Tokenization
Tokenization is the process of splitting a text into words.
Important: Recommind’s applications rely on tokenization to use the default settings. Never change any of them without discussing your use case with Customer Support first.
During data loading, text in white space separated scripts is split into words at the white space. Chinese and Japanese scripts as well as the Korean Hanja script do not separate words with white space. CORE cannot identify the words in these scripts. Text in these scripts is split into the characters, that is, each character becomes one word.
Additionally, words are split at so-called delimiter characters, for example comma or hyphen. The delimiter characters themselves are not stored as words. Therefore, you cannot search for delimiter characters. The set of delimiter characters is configurable.
Words containing numbers are split into fragments consisting of letters or numbers only. This allows to store content more efficiently. For example, abc123 is split into abc and 123.

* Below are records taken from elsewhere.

theorem lemma1:
  fixes N n0 n1 m1 :: nat
    and f :: "nat \<Rightarrow> nat \<Rightarrow> real"
    and Gamma E :: "nat \<Rightarrow> real"
    and eps0 beta1 :: real
  assumes "1 \<le> n0" and "n0 \<le> N" and "1 \<le> m1" and "1 \<le> n1"
    and unit_cols: "\<forall>a < N * m1. (\<Sum>i<N. (conv_dict N n0 m1 f i a)\<^sup>2) = 1"
    and nonzero: "\<exists>a < N * m1. Gamma a \<noteq> 0"
    and noise: "norm2_inf_patch N 1 n0 E \<le> eps0"
    and cond_a: "real (norm0_inf_stripe N m1 n0 Gamma) <
        1/2 * (1 + 1 / coherence N (N * m1) (conv_dict N n0 m1 f)
               * (Min {\<bar>Gamma a\<bar> | a. a < N * m1 \<and> Gamma a \<noteq> 0}
                  / Max {\<bar>Gamma a\<bar> | a. a < N * m1 \<and> Gamma a \<noteq> 0}))
        - 1 / coherence N (N * m1) (conv_dict N n0 m1 f)
          * (eps0 / Max {\<bar>Gamma a\<bar> | a. a < N * m1 \<and> Gamma a \<noteq> 0})"
    and cond_b1: "Min {\<bar>Gamma a\<bar> | a. a < N * m1 \<and> Gamma a \<noteq> 0}
        - (real (norm0_inf_stripe N m1 n0 Gamma) - 1) * coherence N (N * m1) (conv_dict N n0 m1 f)
          * Max {\<bar>Gamma a\<bar> | a. a < N * m1 \<and> Gamma a \<noteq> 0} - eps0 > beta1"
    and cond_b2: "beta1 > real (norm0_inf_stripe N m1 n0 Gamma) * coherence N (N * m1) (conv_dict N n0 m1 f)
          * Max {\<bar>Gamma a\<bar> | a. a < N * m1 \<and> Gamma a \<noteq> 0} + eps0"
  shows "{a. a < N * m1 \<and> hard_thr beta1 (matT_vec N (conv_dict N n0 m1 f)
              (\<lambda>i. mat_vec (N * m1) (conv_dict N n0 m1 f) Gamma i + E i)) a \<noteq> 0}
         = {a. a < N * m1 \<and> Gamma a \<noteq> 0}
     \<and> norm2_inf_patch N m1 n1 (\<lambda>a. Gamma a - hard_thr beta1 (matT_vec N (conv_dict N n0 m1 f)
              (\<lambda>i. mat_vec (N * m1) (conv_dict N n0 m1 f) Gamma i + E i)) a)
       \<le> sqrt (real (norm0_inf_patch N m1 n1 Gamma))
         * (eps0 + coherence N (N * m1) (conv_dict N n0 m1 f)
              * (real (norm0_inf_stripe N m1 n0 Gamma) - 1)
              * Max {\<bar>Gamma a\<bar> | a. a < N * m1 \<and> Gamma a \<noteq> 0})"
proof -
  let ?D = "conv_dict N n0 m1 f"
  define est where "est = matT_vec N ?D (\<lambda>i. mat_vec (N * m1) ?D Gamma i + E i)"
  define mu where "mu = coherence N (N * m1) ?D"
  define s where "s = real (norm0_inf_stripe N m1 n0 Gamma)"
  define gmax where "gmax = Max {\<bar>Gamma a\<bar> | a. a < N * m1 \<and> Gamma a \<noteq> 0}"
  have m1: "0 < m1" and N: "0 < N" using assms(1-3) by auto
  have gmax: "\<And>b. b < N * m1 \<Longrightarrow> \<bar>Gamma b\<bar> \<le> gmax"
    unfolding gmax_def using nonzero by (intro abs_le_Max_abs_nonzero)
  have on: "\<bar>est a - Gamma a\<bar> \<le> mu * gmax * (s - 1) + eps0" if "a < N * m1" "Gamma a \<noteq> 0" for a
    using conv_correlation_error_on_support[where g = Gamma and e = E,
        OF m1 assms(1) that unit_cols[rule_format, OF that(1)] gmax] noise unfolding est_def mu_def s_def by linarith
  have off: "\<bar>est a\<bar> \<le> mu * gmax * s + eps0" if "a < N * m1" "Gamma a = 0" for a
    using conv_correlation_off_support[where g = Gamma and e = E,
        OF m1 that unit_cols[rule_format, OF that(1)] gmax] noise unfolding est_def mu_def s_def by linarith
  have on_above: "beta1 < \<bar>est a\<bar>" if "a < N * m1" "Gamma a \<noteq> 0" for a
    using on[OF that] Min_abs_nonzero_le[where g = Gamma, OF that] cond_b1
    unfolding gmax_def[symmetric] mu_def[symmetric] s_def[symmetric]
    by (simp add: mult_ac)
  have off_below: "\<bar>est a\<bar> < beta1" if "a < N * m1" "Gamma a = 0" for a
    using off[OF that] cond_b2 unfolding gmax_def[symmetric] mu_def[symmetric] s_def[symmetric]
    by (simp add: mult_ac)
  have "0 \<le> eps0" using norm2_inf_patch_nonneg[OF N] noise by (rule order_trans)
  moreover have "0 \<le> s * mu * gmax"
    using gmax[of 0] N m1 coherence_nonneg unfolding s_def mu_def
    by (intro mult_nonneg_nonneg) (auto intro: order_trans[OF abs_ge_zero])
  ultimately have "0 \<le> beta1"
    using cond_b2 unfolding gmax_def[symmetric] mu_def[symmetric] s_def[symmetric] by linarith
  show ?thesis
  proof (fold est_def mu_def s_def gmax_def, intro conjI)
    show "{a. a < N * m1 \<and> hard_thr beta1 est a \<noteq> 0} = {a. a < N * m1 \<and> Gamma a \<noteq> 0}"
      using \<open>0 \<le> beta1\<close> on_above off_below by (intro hard_thr_support_eq) (auto intro: less_imp_le)
    obtain a where a: "a < N * m1" "Gamma a \<noteq> 0" using nonzero by blast
    have B: "0 \<le> eps0 + mu * (s - 1) * gmax"
      using on[OF a] abs_ge_zero[of "est a - Gamma a"] by (simp add: mult_ac)
    show "norm2_inf_patch N m1 n1 (\<lambda>a. Gamma a - hard_thr beta1 est a)
        \<le> sqrt (real (norm0_inf_patch N m1 n1 Gamma)) * (eps0 + mu * (s - 1) * gmax)"
    proof (rule norm2_inf_patch_le_sqrt_norm0_inf_patch[OF N])
      show "Gamma a - hard_thr beta1 est a = 0" if "a < N * m1" "Gamma a = 0" for a
        using off_below[OF that] that(2) by (simp add: hard_thr_def)
      show "\<bar>Gamma a - hard_thr beta1 est a\<bar> \<le> eps0 + mu * (s - 1) * gmax"
        if "a < N * m1" "Gamma a \<noteq> 0" for a
        using on[OF that] on_above[OF that] by (simp add: hard_thr_def abs_minus_commute mult_ac)
    qed (fact B)
  qed
qed

end
(* Let $T\in U(n,1)$ be unipotent (parabolic) and $S\in U(n,1)$ elliptic. Then $ST=TS$ if and only if $T(\mathrm{fix}(S))=\mathrm{fix}(S)$ and $S(\mathrm{fix}(T))=\mathrm{fix}(T)$.
   Context: $U(n,1)$ is the unitary group of a Hermitian form of signature $(n,1)$ on $\mathbb{C}^{n+1}$; it acts on complex hyperbolic space $H^n_{\mathbb{C}}$ (projectivized negative vectors) and its closure $\overline{H^n_{\mathbb{C}}}$ (adding projectivized null vectors). For $g\in U(n,1)$, $\mathrm{fix}(g)$ is the set of points of $\overline{H^n_{\mathbb{C}}}$ fixed by $g$. An element is elliptic if it fixes a point of $H^n_{\mathbb{C}}$. *)

theory Defs
  imports "Jordan_Normal_Form.Matrix"
begin

definition hform :: "nat \<Rightarrow> complex vec \<Rightarrow> complex vec \<Rightarrow> complex" where
  "hform n z w = (\<Sum>i<n. z $ i * cnj (w $ i)) - z $ n * cnj (w $ n)"

definition Unk1 :: "nat \<Rightarrow> complex mat set" where
  "Unk1 n = {g \<in> carrier_mat (n+1) (n+1).
     \<forall>z \<in> carrier_vec (n+1). \<forall>w \<in> carrier_vec (n+1). hform n (g *\<^sub>v z) (g *\<^sub>v w) = hform n z w}"

text \<open>Projective point spanned by a nonzero vector (the complex line minus 0).\<close>
definition proj_pt :: "complex vec \<Rightarrow> complex vec set" where
  "proj_pt z = {c \<cdot>\<^sub>v z | c. c \<noteq> 0}"

definition chyp :: "nat \<Rightarrow> complex vec set set" where
  "chyp n = {proj_pt z | z. z \<in> carrier_vec (n+1) \<and> Re (hform n z z) < 0}"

The words in search queries are split likewise. The remaining fragments are converted into a directed proximity search if the fragment contains a wildcard operator or a phrase search otherwise.
Example:
Query: *brown@recommind.com
Removing the delimiter characters, this is split into the three fragments:
- *brown
- recommind
- com
The fragment with the wildcard is expanded, for example, to mrbrown OR brown. Together, the query is then processed as:
(mrbrown OR brown) pre/1 "recommind com"
Special delimiter characters
Because a phrase search takes more time than a plain keyword search, a sub-set of the delimiter characters can be declared special, for which the query is not turned into a phrase or directed proximity search, respectively.
Example:
For example, the apostrophe is a special delimiter character by default. If you search for:
i don't like monday's meetings
the apostrophes are removed, but not turned into phrase queries. The query is processed as:
i don t like monday s meetings
If you removed the apostrophe from the list of special delimiter characters, the same query would be processed as:
i "don t" like "monday s" meetings
Example:
The term
ID12345 is treated as two words,
ID and
12345. As such, searching for the term
ID12345 will always search for documents that contain
ID and
12345, either combined without any space, or separated by only
one space or a delimiter character, such as a comma. The default treatment of
alphanumerical terms reduces the memory usage for searches and thus makes them
quicker. However, the splitting of alphanumerical terms it is not always
desired.
Deactivating the splitting of alphanumerical words will ensure that
the letter-number combinations remain intact. Then the term
ID12345 is treated as one word. Searching for
ID12345 will only find documents that contain the
complete term.